Records to use Block Start
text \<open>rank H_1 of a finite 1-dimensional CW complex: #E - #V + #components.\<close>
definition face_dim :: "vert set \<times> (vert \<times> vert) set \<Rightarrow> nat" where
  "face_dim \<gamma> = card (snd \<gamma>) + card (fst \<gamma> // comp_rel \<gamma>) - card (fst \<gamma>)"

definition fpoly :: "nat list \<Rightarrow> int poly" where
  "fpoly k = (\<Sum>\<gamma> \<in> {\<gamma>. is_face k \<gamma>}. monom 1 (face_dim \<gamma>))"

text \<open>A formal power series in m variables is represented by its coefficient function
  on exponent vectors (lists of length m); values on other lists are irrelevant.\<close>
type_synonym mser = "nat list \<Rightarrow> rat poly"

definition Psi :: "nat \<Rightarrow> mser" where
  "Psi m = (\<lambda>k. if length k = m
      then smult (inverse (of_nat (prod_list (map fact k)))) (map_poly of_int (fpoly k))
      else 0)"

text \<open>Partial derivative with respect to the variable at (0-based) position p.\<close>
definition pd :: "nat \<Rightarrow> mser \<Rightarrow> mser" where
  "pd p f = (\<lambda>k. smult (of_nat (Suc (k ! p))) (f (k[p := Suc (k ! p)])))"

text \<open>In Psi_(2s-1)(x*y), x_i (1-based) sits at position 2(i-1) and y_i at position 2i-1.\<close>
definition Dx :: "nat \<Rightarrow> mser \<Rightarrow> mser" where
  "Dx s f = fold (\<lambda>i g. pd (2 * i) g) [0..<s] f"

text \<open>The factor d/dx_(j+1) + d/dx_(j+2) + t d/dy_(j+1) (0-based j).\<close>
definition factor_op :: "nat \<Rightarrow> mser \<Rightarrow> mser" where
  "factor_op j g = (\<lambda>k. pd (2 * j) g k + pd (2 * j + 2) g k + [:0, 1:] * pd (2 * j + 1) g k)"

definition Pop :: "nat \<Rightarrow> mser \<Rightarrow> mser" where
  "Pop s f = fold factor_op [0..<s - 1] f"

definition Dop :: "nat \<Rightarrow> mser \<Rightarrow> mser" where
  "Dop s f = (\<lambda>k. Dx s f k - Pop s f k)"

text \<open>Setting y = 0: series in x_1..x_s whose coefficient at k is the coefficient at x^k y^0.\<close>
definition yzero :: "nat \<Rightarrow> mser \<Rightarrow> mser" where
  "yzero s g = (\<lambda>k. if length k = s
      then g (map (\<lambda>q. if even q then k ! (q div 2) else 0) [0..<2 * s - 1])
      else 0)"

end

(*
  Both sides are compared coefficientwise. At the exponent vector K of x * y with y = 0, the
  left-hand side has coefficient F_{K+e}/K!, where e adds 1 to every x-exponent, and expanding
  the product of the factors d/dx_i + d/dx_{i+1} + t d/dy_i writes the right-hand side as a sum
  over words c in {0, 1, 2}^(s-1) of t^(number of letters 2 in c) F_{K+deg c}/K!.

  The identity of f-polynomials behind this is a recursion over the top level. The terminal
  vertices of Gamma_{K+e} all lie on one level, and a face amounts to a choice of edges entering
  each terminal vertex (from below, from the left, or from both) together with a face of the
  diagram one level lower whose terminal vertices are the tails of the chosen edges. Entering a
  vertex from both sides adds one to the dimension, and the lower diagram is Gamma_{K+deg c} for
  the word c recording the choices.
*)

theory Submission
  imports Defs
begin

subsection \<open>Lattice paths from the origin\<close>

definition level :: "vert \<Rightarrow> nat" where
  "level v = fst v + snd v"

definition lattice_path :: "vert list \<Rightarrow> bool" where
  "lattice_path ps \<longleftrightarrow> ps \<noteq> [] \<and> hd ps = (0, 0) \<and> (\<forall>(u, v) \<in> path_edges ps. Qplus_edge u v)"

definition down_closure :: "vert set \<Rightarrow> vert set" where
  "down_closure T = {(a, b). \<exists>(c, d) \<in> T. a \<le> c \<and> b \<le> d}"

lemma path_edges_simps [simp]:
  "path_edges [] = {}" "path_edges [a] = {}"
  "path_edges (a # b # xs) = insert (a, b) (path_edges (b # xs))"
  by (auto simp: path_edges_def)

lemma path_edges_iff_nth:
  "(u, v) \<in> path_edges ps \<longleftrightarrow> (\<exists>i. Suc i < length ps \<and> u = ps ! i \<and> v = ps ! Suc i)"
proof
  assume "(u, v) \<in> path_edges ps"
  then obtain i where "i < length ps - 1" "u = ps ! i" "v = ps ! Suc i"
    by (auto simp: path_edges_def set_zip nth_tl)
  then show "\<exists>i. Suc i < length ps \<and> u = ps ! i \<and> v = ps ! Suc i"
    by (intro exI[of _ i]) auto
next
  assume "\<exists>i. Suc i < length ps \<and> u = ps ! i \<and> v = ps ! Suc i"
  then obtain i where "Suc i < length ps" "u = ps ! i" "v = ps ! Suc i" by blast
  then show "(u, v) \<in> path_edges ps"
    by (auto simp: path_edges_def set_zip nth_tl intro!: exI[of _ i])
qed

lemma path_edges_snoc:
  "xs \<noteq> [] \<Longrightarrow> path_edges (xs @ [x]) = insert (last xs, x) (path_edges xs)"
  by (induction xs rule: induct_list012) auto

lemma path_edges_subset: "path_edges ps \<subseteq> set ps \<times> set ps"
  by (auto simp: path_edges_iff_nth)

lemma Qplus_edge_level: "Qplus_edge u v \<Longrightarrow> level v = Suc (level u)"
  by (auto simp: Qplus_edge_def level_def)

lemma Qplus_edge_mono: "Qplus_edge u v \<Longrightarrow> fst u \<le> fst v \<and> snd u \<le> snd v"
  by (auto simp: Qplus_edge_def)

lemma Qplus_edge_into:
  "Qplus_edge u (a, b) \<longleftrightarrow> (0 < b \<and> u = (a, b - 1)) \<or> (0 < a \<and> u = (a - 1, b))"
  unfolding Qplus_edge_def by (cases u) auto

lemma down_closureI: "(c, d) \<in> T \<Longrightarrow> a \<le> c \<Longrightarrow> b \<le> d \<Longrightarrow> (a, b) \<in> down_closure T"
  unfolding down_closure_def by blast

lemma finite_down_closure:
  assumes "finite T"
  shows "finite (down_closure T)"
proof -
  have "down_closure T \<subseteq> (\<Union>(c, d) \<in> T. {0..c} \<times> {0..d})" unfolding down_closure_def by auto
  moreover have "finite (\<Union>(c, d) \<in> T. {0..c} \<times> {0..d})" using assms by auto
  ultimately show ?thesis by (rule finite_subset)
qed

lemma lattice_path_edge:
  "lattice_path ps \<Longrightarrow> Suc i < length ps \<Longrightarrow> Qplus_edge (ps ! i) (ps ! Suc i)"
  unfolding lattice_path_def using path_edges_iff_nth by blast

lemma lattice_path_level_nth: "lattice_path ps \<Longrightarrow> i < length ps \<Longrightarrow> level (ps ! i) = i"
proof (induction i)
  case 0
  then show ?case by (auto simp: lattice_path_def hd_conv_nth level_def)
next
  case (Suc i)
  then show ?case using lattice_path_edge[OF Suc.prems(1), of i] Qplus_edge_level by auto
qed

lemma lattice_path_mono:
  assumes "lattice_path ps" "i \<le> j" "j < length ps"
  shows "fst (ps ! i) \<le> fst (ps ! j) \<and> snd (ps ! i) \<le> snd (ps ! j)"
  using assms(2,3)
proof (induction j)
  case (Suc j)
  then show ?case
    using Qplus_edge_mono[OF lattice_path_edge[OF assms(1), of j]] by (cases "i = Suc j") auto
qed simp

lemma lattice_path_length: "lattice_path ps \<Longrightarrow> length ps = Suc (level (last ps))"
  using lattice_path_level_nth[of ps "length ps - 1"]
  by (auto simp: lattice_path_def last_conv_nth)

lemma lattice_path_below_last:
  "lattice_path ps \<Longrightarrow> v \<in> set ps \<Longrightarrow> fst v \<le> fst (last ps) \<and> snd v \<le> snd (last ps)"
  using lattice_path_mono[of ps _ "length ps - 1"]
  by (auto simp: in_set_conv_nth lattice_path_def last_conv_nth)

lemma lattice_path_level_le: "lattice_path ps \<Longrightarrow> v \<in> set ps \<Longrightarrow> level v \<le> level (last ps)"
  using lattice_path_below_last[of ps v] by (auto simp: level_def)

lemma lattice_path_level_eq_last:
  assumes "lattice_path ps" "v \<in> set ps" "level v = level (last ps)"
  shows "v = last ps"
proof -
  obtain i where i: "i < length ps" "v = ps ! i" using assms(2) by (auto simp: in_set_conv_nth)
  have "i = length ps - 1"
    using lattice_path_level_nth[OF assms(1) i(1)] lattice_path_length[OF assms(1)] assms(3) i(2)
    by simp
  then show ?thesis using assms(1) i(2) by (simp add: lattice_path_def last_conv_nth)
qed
Records to use Block End
Copy out all lines from the material above that contain the string "fpoly".

__Answer to the exercise__:
definition fpoly :: "nat list \<Rightarrow> int poly" where
  "fpoly k = (\<Sum>\<gamma> \<in> {\<gamma>. is_face k \<gamma>}. monom 1 (face_dim \<gamma>))"
      then smult (inverse (of_nat (prod_list (map fact k)))) (map_poly of_int (fpoly k))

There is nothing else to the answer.